Он понял, что всякая попытка будет безуспешна после этого безапелляционного приговора. Поэтому он сразу покорился ему и, восхищенный возможностью приобрести такую союзницу, от всего сердца протянул ей обе руки:
— Располагайте мной, как хотите.
Она почувствовала искренность в его тоне и подала ему руки.
Он поцеловал их одну за другой, потом, поднял голову, сказал просто:
— Честное слово, если бы я встретил женщину, похожую на вас, с какой радостью я бы на ней женился!
На этот раз его слова тронули ее: есть комплименты, которые доходят до женского сердца, — и она бросила на него один из тех быстрых признательных взглядов, которые делают нас рабами женщины.
Затем, видя, что он не знает, как перейти к другой теме, она сказала ему мягко, дотронувшись пальцем до его плеча:
— И я немедленно приступлю к исполнению моих дружеских обязанностей. Вы недостаточно ловки, друг мой…

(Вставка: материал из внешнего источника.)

(* For every $m\ge2$, $\mathbf{E}_m\subseteq\mathbf{T}_m^1$.
   Context: All varieties are varieties of monoids (signature: associative binary operation and identity constant $1$); identities are pairs of words over a countably infinite set of variables, and variables may be substituted by $1$. $\mathbf{O}$ is the variety defined by $xyt_1xt_2y \approx yxt_1xt_2y$, $xt_1xyt_2y \approx xt_1yxt_2y$, $xt_1yt_2xy \approx xt_1yt_2yx$. For $m\ge1$, $\mathbf{E}_m$ is the subvariety of $\mathbf{O}$ defined additionally by $x^{m+1}\approx x^m$ and $x^mt\approx tx^m$. For $m\ge2$, a semigroup is $m$-testable if it satisfies every semigroup identity $\mathbf{u}\approx\mathbf{v}$ (between nonempty words) such that $\mathbf{u},\mathbf{v}$ have the same prefix of length $m-1$, the same suffix of length $m-1$, and the same set of factors of length $m$. $T_m$ is a finite semigroup generating the variety of all $m$-testable semigroups; $T_m$ satisfies an identity iff these three conditions hold for it. $T_m^1$ is $T_m$ with an external identity element adjoined, and $\mathbf{T}_m^1$ is the monoid variety generated by $T_m^1$. *)

theory Defs
  imports Main
begin

(* Words over the countably infinite set of variables nat; a monoid identity is a pair of words. *)

definition word_eval :: "(nat \<Rightarrow> 'a::monoid_mult) \<Rightarrow> nat list \<Rightarrow> 'a" where
  "word_eval \<phi> w = prod_list (map \<phi> w)"

definition monoid_sat :: "'a::monoid_mult itself \<Rightarrow> nat list \<Rightarrow> nat list \<Rightarrow> bool" where
  "monoid_sat _ u v \<longleftrightarrow> (\<forall>\<phi> :: nat \<Rightarrow> 'a. word_eval \<phi> u = word_eval \<phi> v)"

(* Variables: x = 0, y = 1, t1 = 2, t2 = 3, t = 2 *)
definition in_O :: "'a::monoid_mult itself \<Rightarrow> bool" where
  "in_O T \<longleftrightarrow>
     monoid_sat T [0,1,2,0,3,1] [1,0,2,0,3,1] \<and>
     monoid_sat T [0,2,0,1,3,1] [0,2,1,0,3,1] \<and>
     monoid_sat T [0,2,1,3,0,1] [0,2,1,3,1,0]"

definition in_E :: "nat \<Rightarrow> 'a::monoid_mult itself \<Rightarrow> bool" where
  "in_E m T \<longleftrightarrow> in_O T \<and>
     monoid_sat T (replicate (m+1) 0) (replicate m 0) \<and>
     monoid_sat T (replicate m 0 @ [2]) (2 # replicate m 0)"

definition factors :: "nat \<Rightarrow> 'v list \<Rightarrow> 'v list set" where
  "factors k w = {take k (drop i w) | i. i + k \<le> length w}"

definition suffix_of_len :: "nat \<Rightarrow> 'v list \<Rightarrow> 'v list" where
  "suffix_of_len k w = drop (length w - k) w"

(* Semigroup identity u = v (nonempty words) holding in T_m, i.e. in all m-testable semigroups.
   Prefix/suffix of length m-1 of a shorter word is the word itself. *)
definition testable_sat :: "nat \<Rightarrow> nat list \<Rightarrow> nat list \<Rightarrow> bool" where
  "testable_sat m u v \<longleftrightarrow> u \<noteq> [] \<and> v \<noteq> [] \<and>
     take (m-1) u = take (m-1) v \<and>
     suffix_of_len (m-1) u = suffix_of_len (m-1) v \<and>
     factors m u = factors m v"

(* Monoid identity u = v holds in T_m^1: for every set X of variables sent to the adjoined 1
   (the others to T_m), the resulting words are both empty, or both nonempty and the
   semigroup identity holds in T_m. *)
definition T1_sat :: "nat \<Rightarrow> nat list \<Rightarrow> nat list \<Rightarrow> bool" where
  "T1_sat m u v \<longleftrightarrow>
     (\<forall>X :: nat set.
        let u' = filter (\<lambda>x. x \<notin> X) u; v' = filter (\<lambda>x. x \<notin> X) v in
        (u' = [] \<and> v' = []) \<or> testable_sat m u' v')"

end

theory Submission
  imports Defs "HOL-Library.Sublist" "HOL-Library.Multiset"
begin

(* Restricting u and v to any set of letters preserves the hypothesis, and for the restricted
   words it says: they are equal if shorter than m, and they have the same factors of length
   at most m and the same prefixes and suffixes of length less than m.  Consequently u and v
   have the same set L of linear letters (letters occurring exactly once), in the same order.
   If for some non-linear y the restriction of u to {y} \<union> L contains y^m, then so does that
   of v; both words can then be rearranged to contain y^m, and since x^m is central and
   absorbs further occurrences of x, both sides equal y^m times the word with y deleted, so
   induction on the length applies.  Otherwise every maximal run of y in the restriction to
   {y} \<union> L is shorter than m and is therefore recovered from the short factors, prefixes and
   suffixes; hence the blocks of non-linear letters between consecutive linear letters have
   the same content in u and v.  The identities of O let two adjacent letters commute as soon
   as each of them occurs elsewhere in the word, so blocks with the same content have the same
   value. *)

lemma word_eval_simps [simp]:
  "word_eval \<phi> [] = 1"
  "word_eval \<phi> (x # xs) = \<phi> x * word_eval \<phi> xs"
  "word_eval \<phi> (xs @ ys) = word_eval \<phi> xs * word_eval \<phi> ys"
  "word_eval \<phi> (replicate n x) = \<phi> x ^ n"
  by (simp_all add: word_eval_def)

lemma count_list_filter: "count_list (filter P xs) x = (if P x then count_list xs x else 0)"
  by (induction xs) auto

lemma not_in_prefix_if_count_le_1: "count_list (p @ t # w) t \<le> 1 \<Longrightarrow> t \<notin> set p"
  by (auto simp: count_list_0_iff[symmetric])

lemma filter_eq_appendE:
  assumes "filter P w = xs @ ys"
  obtains a b where "w = a @ b" "filter P a = xs" "filter P b = ys"
  using assms
proof (induction w arbitrary: xs thesis)
  case Nil
  then show ?case by simp
next
  case (Cons c w)
  show ?case
  proof (cases "P c \<and> xs \<noteq> []")
    case True
    then obtain xs' where "xs = c # xs'" "filter P w = xs' @ ys"
      using Cons.prems(2) by (cases xs) auto
    then show ?thesis
      using Cons.IH[of xs'] Cons.prems(1) True by (metis append_Cons filter.simps(2))
  next
    case False
    then show ?thesis
    proof (cases "P c")
      case True
      with False show ?thesis
        using Cons.prems by (intro Cons.prems(1)[of "[]" "c # w"]) auto
    next
      case False
      then show ?thesis
        using Cons.IH[of xs] Cons.prems by (metis append_Cons filter.simps(2))
    qed
  qed
qed

lemma list_eq_if_single_letter:
  assumes "set xs \<subseteq> {y}" "set ys \<subseteq> {y}" "length xs = length ys"
  shows "xs = ys"
proof -
  have "xs = replicate (length xs) y" "ys = replicate (length ys) y"
    using assms(1,2) by (auto intro: replicate_length_same[symmetric])
  then show ?thesis
    using assms(3) by metis
qed

lemma sublist_extend:
  assumes "sublist w A" "length w \<le> k" "k \<le> length A"
  obtains f where "length f = k" "sublist w f" "sublist f A"
proof -
  obtain p s where A: "A = p @ w @ s"
    using assms(1) by (auto simp: sublist_def)
  show thesis
  proof (cases "k \<le> length (w @ s)")
    case True
    have "prefix w (take k (w @ s))"
      using assms(2) by (simp add: take_append)
    moreover have "sublist (take k (w @ s)) A"
      using A sublist_order.order_trans[OF sublist_take, of "w @ s" A k] by auto
    ultimately show thesis
      using True by (intro that[of "take k (w @ s)"]) (simp_all add: prefix_imp_sublist)
  next
    case False
    have "suffix (w @ s) A"
      using A by (simp add: suffix_def)
    then have "suffix (w @ s) (drop (length A - k) A)"
      using False assms(3) by (intro suffix_length_suffix[OF _ suffix_drop]) auto
    then have "sublist w (drop (length A - k) A)"
      using sublist_order.order_trans[OF sublist_append_rightI suffix_imp_sublist] by blast
    then show thesis
      using assms(3) by (intro that[of "drop (length A - k) A"]) auto
  qed
qed

lemma distinct_eqI:
  assumes "distinct A" "distinct B" "set A = set B" "take 1 A = take 1 B"
    and "\<And>a b. sublist [a, b] A \<Longrightarrow> sublist [a, b] B"
  shows "A = B"
  using assms
proof (induction A arbitrary: B)
  case Nil
  then show ?case by simp
next
  case (Cons a A)
  then obtain B' where B: "B = a # B'"
    by (cases B) auto
  have sublist_B': "sublist [c, d] B'" if "sublist [c, d] B" "c \<noteq> a" for c d
    using that B by (auto simp: sublist_Cons_right)
  show ?case
  proof (cases A)
    case Nil
    then show ?thesis
      using Cons.prems(2,3) B by (cases B') auto
  next
    case (Cons b A')
    have "sublist [a, b] B"
      using Cons.prems(5) \<open>A = b # A'\<close> by (simp add: sublist_Cons_right)
    then have "take 1 B' = [b]"
      using B Cons.prems(2) by (auto simp: sublist_Cons_right prefix_def dest: set_mono_sublist)
    moreover have "sublist [c, d] B'" if "sublist [c, d] A" for c d
    proof (rule sublist_B')
      show "sublist [c, d] B"
        using that Cons.prems(5) by (simp add: sublist_Cons_right)
      show "c \<noteq> a"
        using that Cons.prems(1) set_mono_sublist[OF that] by auto
    qed
    moreover have "set A = set B'"
      using Cons.prems(1,2,3) B by auto
    ultimately have "A = B'"
      using Cons.IH Cons.prems(1,2) B \<open>A = b # A'\<close> by auto
    then show ?thesis
      using B by simp
  qed
qed
(* For $\nu>0$ let $Q_\nu(x)=\frac1x+\frac{I_{\nu+1}(x)}{I_\nu(x)}$ for $x>0$. Then $Q_\nu$ is strictly decreasing on $\left(0,\sqrt{2\nu+4}\right)$ for every $\nu>0$, and $Q_\nu$ is strictly decreasing on $(0,\infty)$ for every $\nu\in\left(0,\tfrac12\right]$.
   Context: $I_\nu$ denotes the modified Bessel function of the first kind of order $\nu$. *)

theory Defs
  imports "HOL-Analysis.Analysis"
begin

definition besselI :: "real \<Rightarrow> real \<Rightarrow> real" where
  "besselI nu x = (\<Sum>k. (x / 2) powr (2 * real k + nu) / (fact k * Gamma (real k + nu + 1)))"

definition Qnu :: "real \<Rightarrow> real \<Rightarrow> real" where
  "Qnu nu x = 1 / x + besselI (nu + 1) x / besselI nu x"

end

theory Submission
  imports Defs
begin

text \<open>
  Write \<open>I_nu(x) = (x/2)^nu F_nu(x^2/4)\<close> with the entire, positive series
  \<open>F_mu(t) = sum_k t^k / (k! Gamma(k + mu + 1))\<close>.  Then \<open>F_mu' = F_(mu+1)\<close> and
  \<open>t F_(mu+2) = F_mu - (mu + 1) F_(mu+1)\<close>, and a direct computation gives
  \<open>Q_nu'(x) = - Pnu nu t / (x^2 F_nu(t)^2)\<close> with \<open>t = x^2/4\<close> and an explicit quadratic
  form \<open>Pnu\<close> in \<open>F_nu(t), F_(nu+1)(t)\<close>.  So \<open>Q_nu\<close> is strictly decreasing wherever
  \<open>Pnu nu (x^2/4) > 0\<close>, and the theorem reduces to two positivity statements:
  - for \<open>nu \<le> 1/2\<close>, \<open>Pnu\<close> is nondecreasing in \<open>t\<close> because its derivative is a
    nonnegative multiple of a quantity \<open>-D\<close> shown positive by a weighted monotonicity argument;
  - for \<open>2 t < nu + 2\<close>, positivity of \<open>Pnu\<close> follows by an elementary inequality from
    positivity of another quadratic form \<open>H\<close>, again established by weighted monotonicity
    (\<open>s powr a * phi s\<close> is increasing and vanishes at \<open>0\<close>).
\<close>

text \<open>If \<open>a * phi s + s * phi' s > 0\<close> on \<open>(0, t)\<close> with \<open>a > 0\<close>, then \<open>s powr a * phi s\<close> increases
  from its value \<open>0\<close> at \<open>s = 0\<close>, hence \<open>phi t > 0\<close>.\<close>

lemma pos_by_weighted_derivative:
  fixes phi phi' :: "real \<Rightarrow> real" and a t :: real
  assumes a: "a > 0" and t: "t > 0"
    and deriv: "\<And>s. 0 \<le> s \<Longrightarrow> s \<le> t \<Longrightarrow> (phi has_real_derivative phi' s) (at s)"
    and weighted: "\<And>s. 0 < s \<Longrightarrow> s < t \<Longrightarrow> a * phi s + s * phi' s > 0"
  shows "phi t > 0"
proof -
  define W where "W s = s powr a * phi s" for s
  have "W 0 < W t"
  proof (rule DERIV_pos_imp_increasing_open[OF t])
    fix s :: real assume s: "0 < s" "s < t"
    have "(W has_real_derivative a * s powr (a - 1) * phi s + phi' s * s powr a) (at s)"
      unfolding W_def[abs_def] using s by (intro DERIV_mult has_real_derivative_powr deriv) auto
    moreover have "a * s powr (a - 1) * phi s + phi' s * s powr a = s powr (a - 1) * (a * phi s + s * phi' s)"
      using s powr_add[of s "a - 1" 1] by (simp add: algebra_simps)
    moreover have "s powr (a - 1) * (a * phi s + s * phi' s) > 0"
      using s weighted[OF s] by simp
    ultimately show "\<exists>y. (W has_real_derivative y) (at s) \<and> y > 0" by auto
  next
    have "continuous_on {0..t} phi"
      using deriv by (meson DERIV_isCont atLeastAtMost_iff continuous_at_imp_continuous_on)
    moreover have "continuous_on {0..t} (\<lambda>s. s powr a)"
      using a by (intro continuous_on_powr') (auto intro: continuous_intros)
    ultimately show "continuous_on {0..t} W"
      unfolding W_def[abs_def] by (intro continuous_on_mult)
  qed
  then show ?thesis using t by (simp add: W_def zero_less_mult_iff)
qed

lemma strict_antimono_on_if_deriv_neg:
  fixes f f' :: "real \<Rightarrow> real" and S :: "real set"
  assumes S: "is_interval S"
    and deriv: "\<And>x. x \<in> S \<Longrightarrow> (f has_real_derivative f' x) (at x) \<and> f' x < 0"
  shows "strict_antimono_on S f"
  unfolding monotone_on_def
proof (intro ballI impI)
  fix x y assume "x \<in> S" "y \<in> S" "x < y"
  then have "z \<in> S" if "x \<le> z" "z \<le> y" for z
    using S that unfolding is_interval_1 by blast
  then show "f y < f x"
    using DERIV_neg_imp_decreasing[OF \<open>x < y\<close>] deriv by blast
qed

definition bessel_coeff :: "real \<Rightarrow> nat \<Rightarrow> real" where
  "bessel_coeff mu k = 1 / (fact k * Gamma (real k + mu + 1))"

definition besselF :: "real \<Rightarrow> real \<Rightarrow> real" where
  "besselF mu t = (\<Sum>k. bessel_coeff mu k * t ^ k)"

text \<open>\<open>Gamma\<close> is bounded below by \<open>Gamma (mu + 1)\<close> along the shifts \<open>mu + 1 + k\<close>;
  this gives domination by the exponential series.\<close>

lemma Gamma_shift_ge:
  assumes "mu \<ge> 0"
  shows "Gamma (mu + 1) \<le> Gamma (real k + mu + 1)"
proof -
  have nonpole: "mu + 1 \<notin> \<int>\<^sub>\<le>\<^sub>0" using assms by (auto elim!: nonpos_Ints_cases)
  have "1 \<le> pochhammer (mu + 1) k"
    unfolding pochhammer_prod using assms by (intro prod_ge_1) auto
  then have "Gamma (mu + 1) \<le> Gamma (mu + 1 + of_nat k)"
    using pochhammer_Gamma[OF nonpole, of k] assms by (simp add: le_divide_eq)
  then show ?thesis by (simp add: add_ac)
qed

lemma bessel_coeff_pos: "mu \<ge> 0 \<Longrightarrow> bessel_coeff mu k > 0"
  unfolding bessel_coeff_def by (simp add: add_pos_nonneg)

lemma summable_bessel_coeff:
  assumes "mu \<ge> 0"
  shows "summable (\<lambda>k. bessel_coeff mu k * t ^ k)"
proof (rule summable_comparison_test)
  show "summable (\<lambda>k. inverse (fact k) * \<bar>t\<bar> ^ k / Gamma (mu + 1))"
    by (intro summable_divide summable_exp)
  have "norm (bessel_coeff mu k * t ^ k) \<le> inverse (fact k) * \<bar>t\<bar> ^ k / Gamma (mu + 1)" for k
    using Gamma_shift_ge[OF assms, of k] assms
    by (simp add: bessel_coeff_def abs_mult power_abs divide_simps mult_left_mono)
  then show "\<exists>N. \<forall>k\<ge>N. norm (bessel_coeff mu k * t ^ k) \<le> inverse (fact k) * \<bar>t\<bar> ^ k / Gamma (mu + 1)"
    by blast
qed

lemma diffs_bessel_coeff:
  assumes "mu \<ge> 0"
  shows "diffs (bessel_coeff mu) = bessel_coeff (mu + 1)"
proof
  fix k
  have "Gamma (real (Suc k) + mu + 1) = Gamma (real k + (mu + 1) + 1)"
    by (simp add: algebra_simps)
  then show "diffs (bessel_coeff mu) k = bessel_coeff (mu + 1) k"
    by (simp add: diffs_def bessel_coeff_def fact_Suc del: of_nat_Suc)
qed

lemma besselF_deriv:
  assumes "mu \<ge> 0"
  shows "(besselF mu has_real_derivative besselF (mu + 1) t) (at t)"
  unfolding besselF_def[abs_def] diffs_bessel_coeff[OF assms, symmetric]
  by (rule termdiffs_strong_converges_everywhere[OF summable_bessel_coeff[OF assms]])

lemma besselF_deriv_succ:
  assumes "mu \<ge> 0"
  shows "(besselF (mu + 1) has_real_derivative besselF (mu + 2) t) (at t)"
  using besselF_deriv[of "mu + 1" t] assms by (simp add: add.assoc)
text \<open>A shift \<open>e \<noteq> 0\<close> carrying one block onto another would embed a level set of size
  \<open>q + 1\<close> into a difference fibre of size \<open>q\<close>.\<close>

lemma block_eq_imp_eq:
  assumes eq: "block \<phi> a \<beta> = block \<phi> a' \<beta>'" and \<beta>: "\<beta> \<in> K" "\<beta> \<noteq> 0"
  shows "a = a'"
proof (rule ccontr)
  assume "a \<noteq> a'"
  define e where "e = a' - a"
  have shift: "\<phi> (s + e) = \<beta>'" if "\<phi> s = \<beta>" for s
  proof -
    have "s - a \<in> block \<phi> a \<beta>"
      using that by (simp add: block_def)
    then have "s - a \<in> block \<phi> a' \<beta>'"
      by (simp only: eq)
    moreover have "s - a + a' = s + e"
      by (simp add: e_def)
    ultimately show ?thesis
      by (simp add: block_def)
  qed
  have "card {x. \<phi> x = \<beta>} = q + 1"
    using card_level \<beta> by simp
  then obtain s where "\<phi> s = \<beta>"
    by (metis (mono_tags) Collect_empty_eq card.empty add_is_0 one_neq_zero)
  then have "\<beta>' - \<beta> \<in> K"
    using shift phi_mem \<beta>(1) by (metis diff_mem)
  have "{x. \<phi> x = \<beta>} \<subseteq> {u. \<phi> (u + e) - \<phi> u = \<beta>' - \<beta>}"
    using shift by auto
  then have "card {x. \<phi> x = \<beta>} \<le> card {u. \<phi> (u + e) - \<phi> u = \<beta>' - \<beta>}"
    by (intro card_mono) simp_all
  also have "\<dots> = q"
    using card_difference \<open>a \<noteq> a'\<close> \<open>\<beta>' - \<beta> \<in> K\<close> by (simp add: e_def)
  finally show False
    using \<open>card {x. \<phi> x = \<beta>} = q + 1\<close> by simp
qed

На мгновенье она замялась и спросила:
— Могу я говорить с вами откровенно?
— Да.
— Вполне.
— Вполне.
— Так вот. Сделайте визит госпоже Вальтер, которая вас очень ценит, и постарайтесь ей понравиться. Вот там ваши комплименты будут уместны, хотя она порядочная женщина, — поймите, вполне порядочная женщина. О, не надейтесь… сорвать там что-нибудь в этом отношении… Вы можете получить большее, если сумеете себя поставить. Я знаю, что положение ваше в газете пока очень скромное. Но не бойтесь ничего, они принимают всех сотрудников с одинаковым радушием. Послушайтесь меня, сходите туда.
Он сказал, улыбаясь:
— Благодарю вас. Вы ангел… мой ангел-хранитель.
Потом они заговорили о других вещах.
Он сидел долго, желая доказать, что ему приятно быть с ней; и, уходя, просил еще раз:
— Итак, решено? Мы друзья!
— Решено.
И, так как он заметил действие комплимента, сказанного им раньше, он подкрепил его, добавив:
— Если вы когда-нибудь овдовеете, я выставлю свою кандидатуру.
И поспешно вышел, чтобы не дать ей времени рассердиться.
Визит к г-же Вальтер несколько смущал Дюруа, так как он не был приглашен бывать у нее и боялся сделать неловкость. Патрон был к нему благосклонен, ценил его услуги, предпочитал его другим для трудных поручений; почему бы ему не воспользоваться его расположением для того, чтобы проникнуть к нему в дом?
И вот, однажды утром, он рано поднялся и отправился на рынок, где приобрел за десять франков два десятка превосходных груш. Старательно запаковав их в корзину, для того чтобы они имели вид привезенных издалека, он отнес их привратнику г-жи Вальтер вместе с визитной карточкой, на которой написал:
«Жорж Дюруа покорнейше просит г-жу Вальтер принять эти плоды, полученные им сегодня утром из Нормандии».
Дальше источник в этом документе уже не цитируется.